Install Pydantic AI and dependencies.
Sign up at fastcrw.com for an API key.
Export FASTCRW_API_KEY in your shell.
Define tool functions with @agent.tool that call fastCRW.
Attach tools to your agent and run.

pip install pydantic-ai requests
export FASTCRW_API_KEY="fcrw_..."

Code Example: Basic fastCRW Tool

Create a file scraper_agent.py:

import os
import requests
from pydantic import BaseModel, Field
from pydantic_ai import Agent, RunContext


# Define Pydantic models for type safety
class ScrapedPage(BaseModel):
    """A web page scraped via fastCRW."""
    url: str = Field(..., description="The URL that was scraped")
    markdown: str = Field(..., description="The page content as Markdown")
    status_code: int = Field(default=200, description="HTTP status code")
    load_time_ms: int | None = Field(None, description="Load time in milliseconds")


class SearchResult(BaseModel):
    """A single search result from fastCRW."""
    title: str = Field(..., description="Result title")
    url: str = Field(..., description="Result URL")
    snippet: str = Field(..., description="Brief description")


class SearchResults(BaseModel):
    """Multiple search results."""
    results: list[SearchResult] = Field(..., description="List of search results")
    count: int = Field(..., description="Total results returned")

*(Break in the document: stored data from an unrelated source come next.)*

lemma iend_compose: "f \<in> iend S m \<Longrightarrow> g \<in> iend S m \<Longrightarrow> compose S f g \<in> iend S m"
  using rel_inv_compose iend_iff by meson

lemma iend_semigrp: "semigrp (iend S m) (compose S)"
proof -
  have "f \<in> S \<rightarrow> S" if "f \<in> iend S m" for f
    using that iend_subset_endos by (auto simp: Pi_iff)
  then show ?thesis unfolding semigrp_def by (metis iend_compose compose_assoc)
qed

lemma iend_idempotents_commute:
  assumes "f \<in> iend S m" "g \<in> iend S m" "compose S f f = f" "compose S g g = g"
  shows "compose S f g = compose S g f"
proof -
  obtain f' e where f: "rel_inv f f' e" using assms(1) iend_iff by blast
  obtain g' e' where g: "rel_inv g g' e'" using assms(2) iend_iff by blast
  show ?thesis
    using rel_inv_idempotent[OF f assms(3)] rel_inv_idempotent[OF g assms(4)]
      restrict_idem_mult_commute[OF rel_inv_idem[OF f] rel_inv_idem[OF g]] by simp
qed
(* Let $n\geq3$, $1>R>0$, $\rho\in(0,\frac R2)$, $n>\alpha>2$ and $f_0>0$ with $f_0>\frac{2n}{\alpha}(n-2)(n-\alpha)$, and let $F$ be as in the context. Define $h:=(n-\alpha)(3n-4)-f_0$, fix $\xi\in(4-\frac4n,4]$ and fix $\delta\in(0,1)$ with $$\delta>\max\left\{\frac{n-\alpha}{n},\ \frac{h+\sqrt{h^2+4f_0(n-\alpha)^2}}{2n(n-\alpha)}\right\}.$$ Then there exist positive constants $a,b,k_0,K_0$ depending only on $n,f_0,\alpha,\xi$ and $\delta$ such that for every $\gamma>\frac{4}{R-\rho}$ the function $\varphi:(0,\infty)\to\mathbb{R}$, $$\varphi(s):=\begin{cases}\frac{a}{\gamma^\delta}s^{-\delta}-b,& s<\frac{\xi}{\gamma},\\ e^{-\gamma s},& s\geq\frac{\xi}{\gamma},\end{cases}$$ is positive, belongs to $W^{2,\infty}_{loc}((0,\infty))$, and satisfies $$n^2s^{\frac{2n-2}{n}}\varphi_{ss}+4(n^2-n)s^{\frac{n-2}{n}}\varphi_s-nF\varphi_s-nF_s\varphi\geq k_0\gamma^{\frac2n}\varphi\quad\text{a.e. in }(0,\infty),$$ as well as $$\int_0^\infty\frac{\varphi^2(s)}{|\varphi_s(s)|}\,ds\leq\frac{K_0}{\gamma^2}.$$
   Context: $F(s):=\int_0^{s^{1/n}}f(r)r^{n-1}\,dr$ for $s\geq0$, where $f:(0,\infty)\to[0,\infty)$ is smooth and monotonically decreasing with $f(r)=f_0r^{-\alpha}$ whenever $r^n\leq R-\rho$ and $f(r)=0$ whenever $r^n\geq R+\rho$. Consequently $F$ is smooth and nondecreasing, $F_s(s)=\frac1nf(s^{1/n})$ is nonincreasing, $F(s)=\frac{f_0}{n-\alpha}s^{\frac{n-\alpha}{n}}$ and $F_s(s)=\frac{f_0}{n}s^{-\frac{\alpha}{n}}$ for $0<s\leq R-\rho$, $F_s(s)=0$ for $s\geq R+\rho$, and $F\leq\frac{f_0}{n-\alpha}(R+\rho)^{\frac{n-\alpha}{n}}$. *)

theory Defs
  imports "HOL-Analysis.Analysis"
begin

# Initialize agent with a system prompt
agent = Agent(
    model="openai:gpt-4o-mini",
    system_prompt="You are a research agent. Use fastCRW tools to scrape and search the web, then synthesize findings into coherent answers.",
)


# Define fastCRW scrape tool
@agent.tool
def scrape_url(url: str) -> ScrapedPage:
    """
    Scrape a single URL via fastCRW and return Markdown content.

    Args:
        url: The URL to scrape.

    Returns:
        ScrapedPage with markdown content and metadata.
    """
    api_key = os.environ["FASTCRW_API_KEY"]
    response = requests.post(
        "https://fastcrw.com/api/v1/scrape",
        headers={
            "Authorization": f"Bearer {api_key}",
            "Content-Type": "application/json",
        },
        json={"url": url, "formats": ["markdown"]},
        timeout=60,
    )
    response.raise_for_status()
    data = response.json()

    return ScrapedPage(
        url=url,
        markdown=data["data"].get("markdown", ""),
        status_code=data["data"].get("status_code", 200),
        load_time_ms=data["data"].get("load_time_ms"),
    )


# Define fastCRW search tool
@agent.tool
def search_web(query: str, limit: int = 5) -> SearchResults:
    """
    Search the web via fastCRW.

    Args:
        query: Search query.
        limit: Max results to return (1-10).

    Returns:
        SearchResults with matching pages.
    """
    api_key = os.environ["FASTCRW_API_KEY"]
    response = requests.post(
        "https://fastcrw.com/api/v1/search",
        headers={
            "Authorization": f"Bearer {api_key}",
            "Content-Type": "application/json",
        },
        json={"query": query, "limit": limit},
        timeout=30,
    )
    response.raise_for_status()
    data = response.json()

    results = [
        SearchResult(
            title=r.get("title", ""),
            url=r.get("url", ""),
            snippet=r.get("snippet", ""),
        )
        for r in data["data"].get("results", [])[:limit]
    ]

    return SearchResults(results=results, count=len(results))


# Run agent
if __name__ == "__main__":
    # Example usage
    result = agent.run_sync("What are the latest Python 3.14 features?")
    print(result.data)

Streaming Example with Dependency Injection

For streaming responses and context-aware tools:

from pydantic_ai import Agent, RunContext
from pydantic import BaseModel
import requests
import os


class UserContext(BaseModel):
    """Dependency context for tools."""
    user_id: str
    session_id: str
    cache: dict = {}


class ScrapeResult(BaseModel):
    url: str
    content: str


# Agent with dependencies
agent = Agent(
    model="openai:gpt-4o-mini",
    deps_type=UserContext,
    system_prompt="Research tool. Scrape URLs and synthesize findings.",
)


@agent.tool
def scrape_with_cache(ctx: RunContext[UserContext], url: str) -> ScrapeResult:
    """
    Scrape a URL with caching via context.

    Args:
        ctx: Dependency context with cache.
        url: URL to scrape.

    Returns:
        ScrapeResult with cached or fresh content.
    """
    # Check cache
    if url in ctx.deps.cache:
        print(f"Cache hit for {url}")
        return ScrapeResult(url=url, content=ctx.deps.cache[url])

    # Call fastCRW
    api_key = os.environ["FASTCRW_API_KEY"]
    response = requests.post(
        "https://fastcrw.com/api/v1/scrape",
        headers={"Authorization": f"Bearer {api_key}"},
        json={"url": url, "formats": ["markdown"]},
        timeout=60,
    )
    response.raise_for_status()
    markdown = response.json()["data"]["markdown"]

    # Store in cache
    ctx.deps.cache[url] = markdown

    return ScrapeResult(url=url, content=markdown)


# Run with streaming
if __name__ == "__main__":
    context = UserContext(user_id="user_123", session_id="session_abc")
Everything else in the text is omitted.